EXERCISE INSTRUCTIONS:
When you reach the line in the data below that contains "(3) Injectivity of", please start repeating lines exactly, and stop after the line that contains "using assms unfolding", repeating nothing else.

Saved data entries:
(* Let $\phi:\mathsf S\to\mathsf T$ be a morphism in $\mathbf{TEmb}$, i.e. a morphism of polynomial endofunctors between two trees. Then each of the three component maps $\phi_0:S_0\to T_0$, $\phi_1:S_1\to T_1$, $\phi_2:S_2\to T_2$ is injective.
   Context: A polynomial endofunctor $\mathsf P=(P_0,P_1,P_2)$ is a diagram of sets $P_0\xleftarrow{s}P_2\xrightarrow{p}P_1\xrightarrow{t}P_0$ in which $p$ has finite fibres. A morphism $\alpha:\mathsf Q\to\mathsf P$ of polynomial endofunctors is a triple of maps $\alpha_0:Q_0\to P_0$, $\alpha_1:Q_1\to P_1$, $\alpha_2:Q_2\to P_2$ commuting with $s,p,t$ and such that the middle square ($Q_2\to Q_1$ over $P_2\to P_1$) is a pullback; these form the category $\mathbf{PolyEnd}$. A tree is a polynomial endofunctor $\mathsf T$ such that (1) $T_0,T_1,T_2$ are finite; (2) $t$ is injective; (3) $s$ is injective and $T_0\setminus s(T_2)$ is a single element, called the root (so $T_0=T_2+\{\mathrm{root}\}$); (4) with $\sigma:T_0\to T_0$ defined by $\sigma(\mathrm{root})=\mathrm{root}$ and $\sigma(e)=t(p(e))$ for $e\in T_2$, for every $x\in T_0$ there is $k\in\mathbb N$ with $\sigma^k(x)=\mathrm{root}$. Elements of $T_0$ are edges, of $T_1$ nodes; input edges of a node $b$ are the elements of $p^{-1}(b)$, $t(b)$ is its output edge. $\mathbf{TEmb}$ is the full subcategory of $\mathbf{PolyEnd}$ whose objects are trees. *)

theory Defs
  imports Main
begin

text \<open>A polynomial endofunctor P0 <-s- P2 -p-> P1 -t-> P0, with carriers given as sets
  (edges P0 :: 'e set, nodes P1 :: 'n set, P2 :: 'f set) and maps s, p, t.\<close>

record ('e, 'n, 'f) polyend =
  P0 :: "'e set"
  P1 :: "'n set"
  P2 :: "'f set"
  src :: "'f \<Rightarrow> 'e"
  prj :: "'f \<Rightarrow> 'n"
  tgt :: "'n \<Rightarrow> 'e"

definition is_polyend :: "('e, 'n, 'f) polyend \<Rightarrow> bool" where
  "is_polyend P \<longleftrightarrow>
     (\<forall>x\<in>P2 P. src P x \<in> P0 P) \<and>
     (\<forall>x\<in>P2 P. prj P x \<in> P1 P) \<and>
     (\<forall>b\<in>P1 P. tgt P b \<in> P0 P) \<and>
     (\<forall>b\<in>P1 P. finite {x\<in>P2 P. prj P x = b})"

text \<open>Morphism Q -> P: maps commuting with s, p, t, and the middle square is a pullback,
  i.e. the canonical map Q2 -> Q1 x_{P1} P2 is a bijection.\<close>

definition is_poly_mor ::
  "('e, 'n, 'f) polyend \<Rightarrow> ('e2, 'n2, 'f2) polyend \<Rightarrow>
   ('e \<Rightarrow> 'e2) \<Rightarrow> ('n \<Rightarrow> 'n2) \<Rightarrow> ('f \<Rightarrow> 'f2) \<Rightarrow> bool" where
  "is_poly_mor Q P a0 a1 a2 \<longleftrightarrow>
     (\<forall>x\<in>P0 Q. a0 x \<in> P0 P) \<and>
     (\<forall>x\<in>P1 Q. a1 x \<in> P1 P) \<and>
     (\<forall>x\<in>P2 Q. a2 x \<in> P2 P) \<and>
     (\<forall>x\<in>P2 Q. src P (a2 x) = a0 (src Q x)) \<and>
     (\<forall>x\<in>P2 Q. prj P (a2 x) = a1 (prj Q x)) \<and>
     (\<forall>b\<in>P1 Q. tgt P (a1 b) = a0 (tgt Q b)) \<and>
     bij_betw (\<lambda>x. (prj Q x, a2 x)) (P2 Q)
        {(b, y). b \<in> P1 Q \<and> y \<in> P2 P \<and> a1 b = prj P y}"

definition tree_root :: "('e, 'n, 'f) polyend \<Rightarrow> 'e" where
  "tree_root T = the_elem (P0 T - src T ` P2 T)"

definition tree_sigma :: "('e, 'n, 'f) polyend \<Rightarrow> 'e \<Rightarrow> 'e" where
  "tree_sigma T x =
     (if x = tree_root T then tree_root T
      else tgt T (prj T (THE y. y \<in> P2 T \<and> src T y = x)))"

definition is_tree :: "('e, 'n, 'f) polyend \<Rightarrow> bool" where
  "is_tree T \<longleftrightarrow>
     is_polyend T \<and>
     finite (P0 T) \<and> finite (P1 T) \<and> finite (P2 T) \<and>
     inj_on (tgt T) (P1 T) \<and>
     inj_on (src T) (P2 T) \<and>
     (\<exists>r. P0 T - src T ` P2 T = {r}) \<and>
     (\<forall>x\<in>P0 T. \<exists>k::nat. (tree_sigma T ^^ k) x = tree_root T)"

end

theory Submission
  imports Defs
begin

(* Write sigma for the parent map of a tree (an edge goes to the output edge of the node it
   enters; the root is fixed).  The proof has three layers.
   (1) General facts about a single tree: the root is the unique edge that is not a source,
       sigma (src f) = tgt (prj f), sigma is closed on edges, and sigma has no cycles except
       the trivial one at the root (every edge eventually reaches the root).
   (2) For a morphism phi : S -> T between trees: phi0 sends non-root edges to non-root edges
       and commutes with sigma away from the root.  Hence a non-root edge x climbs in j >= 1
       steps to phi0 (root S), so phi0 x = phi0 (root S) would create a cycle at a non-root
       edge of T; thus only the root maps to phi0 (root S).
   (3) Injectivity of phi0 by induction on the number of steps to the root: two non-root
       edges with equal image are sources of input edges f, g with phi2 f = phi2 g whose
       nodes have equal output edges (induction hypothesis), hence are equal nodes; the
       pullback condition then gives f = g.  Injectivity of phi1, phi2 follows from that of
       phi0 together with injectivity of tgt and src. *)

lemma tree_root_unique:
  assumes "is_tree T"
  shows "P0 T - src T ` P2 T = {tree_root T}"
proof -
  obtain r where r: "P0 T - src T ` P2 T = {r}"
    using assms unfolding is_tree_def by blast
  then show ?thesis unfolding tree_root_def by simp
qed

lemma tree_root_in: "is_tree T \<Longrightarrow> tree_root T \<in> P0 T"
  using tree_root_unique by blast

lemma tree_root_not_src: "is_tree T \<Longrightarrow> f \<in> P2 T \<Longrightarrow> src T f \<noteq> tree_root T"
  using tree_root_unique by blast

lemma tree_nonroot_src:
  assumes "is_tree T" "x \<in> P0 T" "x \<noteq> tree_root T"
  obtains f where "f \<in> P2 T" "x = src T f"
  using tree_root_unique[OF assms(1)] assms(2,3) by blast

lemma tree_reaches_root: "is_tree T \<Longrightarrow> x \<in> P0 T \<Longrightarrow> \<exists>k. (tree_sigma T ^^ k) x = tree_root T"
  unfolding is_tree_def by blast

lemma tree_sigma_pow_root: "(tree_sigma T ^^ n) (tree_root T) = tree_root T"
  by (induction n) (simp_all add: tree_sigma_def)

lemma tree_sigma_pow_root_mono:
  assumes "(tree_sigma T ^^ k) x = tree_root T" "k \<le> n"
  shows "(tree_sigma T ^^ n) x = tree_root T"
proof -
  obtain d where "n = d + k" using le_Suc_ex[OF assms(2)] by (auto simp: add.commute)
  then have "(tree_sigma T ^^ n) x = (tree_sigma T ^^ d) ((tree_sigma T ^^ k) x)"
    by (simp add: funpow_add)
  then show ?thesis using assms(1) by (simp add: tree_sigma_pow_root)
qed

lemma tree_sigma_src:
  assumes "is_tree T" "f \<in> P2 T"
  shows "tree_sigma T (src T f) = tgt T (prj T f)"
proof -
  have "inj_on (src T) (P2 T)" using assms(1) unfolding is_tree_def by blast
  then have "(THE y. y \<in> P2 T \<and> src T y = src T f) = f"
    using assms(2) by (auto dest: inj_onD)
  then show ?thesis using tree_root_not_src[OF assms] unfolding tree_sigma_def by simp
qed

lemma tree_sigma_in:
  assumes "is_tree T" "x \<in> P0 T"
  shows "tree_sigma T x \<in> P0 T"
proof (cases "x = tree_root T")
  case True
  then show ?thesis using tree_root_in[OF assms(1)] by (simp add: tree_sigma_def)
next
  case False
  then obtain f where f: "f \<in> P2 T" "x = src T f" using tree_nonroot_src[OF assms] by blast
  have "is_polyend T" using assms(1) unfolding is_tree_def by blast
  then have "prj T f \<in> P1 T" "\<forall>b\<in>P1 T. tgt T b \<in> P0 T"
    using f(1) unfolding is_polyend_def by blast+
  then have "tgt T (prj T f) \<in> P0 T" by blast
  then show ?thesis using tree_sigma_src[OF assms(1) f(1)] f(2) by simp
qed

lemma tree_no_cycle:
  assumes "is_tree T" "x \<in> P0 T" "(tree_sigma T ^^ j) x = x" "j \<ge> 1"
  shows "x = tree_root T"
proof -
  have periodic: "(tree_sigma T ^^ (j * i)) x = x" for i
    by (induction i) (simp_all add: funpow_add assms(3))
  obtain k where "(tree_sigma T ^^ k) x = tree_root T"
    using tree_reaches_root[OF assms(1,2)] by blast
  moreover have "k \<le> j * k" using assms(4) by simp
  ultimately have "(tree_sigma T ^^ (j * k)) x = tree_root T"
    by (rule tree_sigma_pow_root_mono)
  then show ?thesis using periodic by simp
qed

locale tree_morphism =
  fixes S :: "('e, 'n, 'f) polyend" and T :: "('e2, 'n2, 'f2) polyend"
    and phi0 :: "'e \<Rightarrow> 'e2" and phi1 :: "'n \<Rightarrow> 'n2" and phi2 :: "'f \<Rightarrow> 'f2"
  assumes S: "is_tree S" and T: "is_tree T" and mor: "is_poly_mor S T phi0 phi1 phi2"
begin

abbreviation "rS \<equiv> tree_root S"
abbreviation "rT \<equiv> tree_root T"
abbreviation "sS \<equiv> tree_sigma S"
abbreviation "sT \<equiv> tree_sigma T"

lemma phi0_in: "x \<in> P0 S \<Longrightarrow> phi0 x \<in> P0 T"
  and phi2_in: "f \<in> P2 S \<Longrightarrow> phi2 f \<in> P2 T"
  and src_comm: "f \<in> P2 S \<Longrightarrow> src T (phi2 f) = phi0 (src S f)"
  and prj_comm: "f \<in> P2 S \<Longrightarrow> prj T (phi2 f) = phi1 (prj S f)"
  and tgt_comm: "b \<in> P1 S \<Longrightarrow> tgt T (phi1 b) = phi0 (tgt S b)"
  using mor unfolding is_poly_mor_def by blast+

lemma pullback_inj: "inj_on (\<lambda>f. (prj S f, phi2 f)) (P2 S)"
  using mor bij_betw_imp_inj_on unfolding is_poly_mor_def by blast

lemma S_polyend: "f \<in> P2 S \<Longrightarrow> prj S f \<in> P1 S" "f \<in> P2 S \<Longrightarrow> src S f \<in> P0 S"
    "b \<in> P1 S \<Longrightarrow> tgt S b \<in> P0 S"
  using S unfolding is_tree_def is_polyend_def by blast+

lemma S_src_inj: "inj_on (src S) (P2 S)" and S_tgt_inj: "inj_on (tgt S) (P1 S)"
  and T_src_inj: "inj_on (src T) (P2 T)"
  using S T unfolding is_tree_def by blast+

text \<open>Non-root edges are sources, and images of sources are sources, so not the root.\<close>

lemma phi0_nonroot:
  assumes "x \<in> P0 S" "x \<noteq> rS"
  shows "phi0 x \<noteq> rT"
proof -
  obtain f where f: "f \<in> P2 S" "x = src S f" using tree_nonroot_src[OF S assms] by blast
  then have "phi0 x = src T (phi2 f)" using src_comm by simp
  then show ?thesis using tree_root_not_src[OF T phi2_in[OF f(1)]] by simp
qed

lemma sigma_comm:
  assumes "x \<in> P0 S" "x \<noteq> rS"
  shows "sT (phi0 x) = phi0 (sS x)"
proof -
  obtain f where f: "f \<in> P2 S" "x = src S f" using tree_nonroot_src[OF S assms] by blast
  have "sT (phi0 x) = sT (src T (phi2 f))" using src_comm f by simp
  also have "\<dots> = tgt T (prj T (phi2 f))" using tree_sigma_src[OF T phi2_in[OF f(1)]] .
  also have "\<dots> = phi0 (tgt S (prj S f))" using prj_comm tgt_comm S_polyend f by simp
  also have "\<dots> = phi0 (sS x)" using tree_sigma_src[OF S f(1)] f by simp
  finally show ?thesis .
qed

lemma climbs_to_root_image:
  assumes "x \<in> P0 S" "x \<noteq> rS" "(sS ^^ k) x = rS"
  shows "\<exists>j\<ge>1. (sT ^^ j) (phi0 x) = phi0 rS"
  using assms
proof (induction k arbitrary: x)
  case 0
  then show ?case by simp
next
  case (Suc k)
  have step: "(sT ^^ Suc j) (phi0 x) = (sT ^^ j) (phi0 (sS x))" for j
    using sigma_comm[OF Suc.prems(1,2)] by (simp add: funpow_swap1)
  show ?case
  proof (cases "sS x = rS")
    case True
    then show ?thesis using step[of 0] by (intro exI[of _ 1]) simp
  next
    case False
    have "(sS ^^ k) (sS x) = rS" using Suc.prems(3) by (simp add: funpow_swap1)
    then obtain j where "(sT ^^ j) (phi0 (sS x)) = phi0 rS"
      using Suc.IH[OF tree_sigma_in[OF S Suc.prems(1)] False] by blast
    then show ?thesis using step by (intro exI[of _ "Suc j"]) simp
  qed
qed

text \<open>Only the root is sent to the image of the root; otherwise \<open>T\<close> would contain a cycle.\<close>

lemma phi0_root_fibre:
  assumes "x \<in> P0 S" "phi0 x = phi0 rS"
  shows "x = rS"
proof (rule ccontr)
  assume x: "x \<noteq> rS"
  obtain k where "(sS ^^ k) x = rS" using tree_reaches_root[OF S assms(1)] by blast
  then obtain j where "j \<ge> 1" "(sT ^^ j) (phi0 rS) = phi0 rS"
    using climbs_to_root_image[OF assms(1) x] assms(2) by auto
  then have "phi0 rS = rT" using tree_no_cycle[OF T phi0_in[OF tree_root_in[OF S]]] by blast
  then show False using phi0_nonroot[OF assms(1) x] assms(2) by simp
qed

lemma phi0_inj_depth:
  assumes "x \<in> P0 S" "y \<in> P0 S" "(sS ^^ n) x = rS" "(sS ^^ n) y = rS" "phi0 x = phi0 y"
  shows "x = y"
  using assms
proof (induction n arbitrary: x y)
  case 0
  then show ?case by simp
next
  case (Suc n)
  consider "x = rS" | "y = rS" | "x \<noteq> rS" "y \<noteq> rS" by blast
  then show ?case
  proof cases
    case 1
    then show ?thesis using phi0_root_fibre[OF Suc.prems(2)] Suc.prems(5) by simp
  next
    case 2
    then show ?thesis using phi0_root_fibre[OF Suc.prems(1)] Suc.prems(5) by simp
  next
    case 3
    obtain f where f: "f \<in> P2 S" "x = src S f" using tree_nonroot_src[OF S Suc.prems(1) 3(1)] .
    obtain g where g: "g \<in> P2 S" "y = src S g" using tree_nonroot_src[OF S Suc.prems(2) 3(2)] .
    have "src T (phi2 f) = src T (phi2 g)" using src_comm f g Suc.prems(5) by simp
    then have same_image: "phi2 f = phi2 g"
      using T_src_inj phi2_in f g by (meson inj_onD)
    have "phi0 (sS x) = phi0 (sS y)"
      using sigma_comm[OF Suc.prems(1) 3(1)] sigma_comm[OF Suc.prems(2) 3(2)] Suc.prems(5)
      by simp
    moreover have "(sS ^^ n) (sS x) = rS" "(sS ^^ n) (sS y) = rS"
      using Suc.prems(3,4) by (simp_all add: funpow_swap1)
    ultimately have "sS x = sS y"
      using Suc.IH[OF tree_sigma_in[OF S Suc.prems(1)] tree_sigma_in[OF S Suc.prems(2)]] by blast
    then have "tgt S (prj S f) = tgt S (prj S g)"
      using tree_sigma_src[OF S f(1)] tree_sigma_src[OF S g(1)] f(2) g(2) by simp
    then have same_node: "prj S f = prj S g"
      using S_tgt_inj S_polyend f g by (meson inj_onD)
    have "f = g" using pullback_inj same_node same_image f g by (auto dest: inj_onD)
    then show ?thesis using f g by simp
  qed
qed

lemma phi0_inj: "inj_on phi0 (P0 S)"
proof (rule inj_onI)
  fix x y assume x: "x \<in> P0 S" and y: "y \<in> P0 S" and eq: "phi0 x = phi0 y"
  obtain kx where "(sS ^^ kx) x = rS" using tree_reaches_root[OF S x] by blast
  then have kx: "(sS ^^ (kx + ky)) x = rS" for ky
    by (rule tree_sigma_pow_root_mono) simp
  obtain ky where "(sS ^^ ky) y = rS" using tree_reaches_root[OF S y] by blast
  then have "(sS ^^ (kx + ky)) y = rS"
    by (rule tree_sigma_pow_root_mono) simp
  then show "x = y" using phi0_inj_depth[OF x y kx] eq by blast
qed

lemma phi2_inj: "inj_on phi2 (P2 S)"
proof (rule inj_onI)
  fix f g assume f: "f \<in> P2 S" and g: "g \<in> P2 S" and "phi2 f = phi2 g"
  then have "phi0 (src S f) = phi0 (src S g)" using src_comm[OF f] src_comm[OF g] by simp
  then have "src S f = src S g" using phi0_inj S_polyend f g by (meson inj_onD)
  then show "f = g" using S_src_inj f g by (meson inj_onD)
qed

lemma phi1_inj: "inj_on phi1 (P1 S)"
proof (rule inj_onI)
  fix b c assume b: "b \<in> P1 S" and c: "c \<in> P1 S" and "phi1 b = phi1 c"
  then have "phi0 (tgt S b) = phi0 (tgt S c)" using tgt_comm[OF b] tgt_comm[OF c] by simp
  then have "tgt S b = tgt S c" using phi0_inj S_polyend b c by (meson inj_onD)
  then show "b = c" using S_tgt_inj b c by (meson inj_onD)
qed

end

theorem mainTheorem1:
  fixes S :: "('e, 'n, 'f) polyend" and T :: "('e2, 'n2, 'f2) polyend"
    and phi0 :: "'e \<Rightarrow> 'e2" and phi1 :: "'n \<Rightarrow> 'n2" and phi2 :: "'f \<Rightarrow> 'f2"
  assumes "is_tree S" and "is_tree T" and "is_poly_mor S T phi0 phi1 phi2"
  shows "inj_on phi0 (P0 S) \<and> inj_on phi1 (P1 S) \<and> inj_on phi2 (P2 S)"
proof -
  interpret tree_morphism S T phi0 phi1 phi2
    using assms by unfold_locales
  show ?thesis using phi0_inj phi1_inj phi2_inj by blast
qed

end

EXERCISE ANSWER:
   (3) Injectivity of phi0 by induction on the number of steps to the root: two non-root
       edges with equal image are sources of input edges f, g with phi2 f = phi2 g whose
       nodes have equal output edges (induction hypothesis), hence are equal nodes; the
       pullback condition then gives f = g.  Injectivity of phi1, phi2 follows from that of
       phi0 together with injectivity of tgt and src. *)

lemma tree_root_unique:
  assumes "is_tree T"
  shows "P0 T - src T ` P2 T = {tree_root T}"
proof -
  obtain r where r: "P0 T - src T ` P2 T = {r}"
    using assms unfolding is_tree_def by blast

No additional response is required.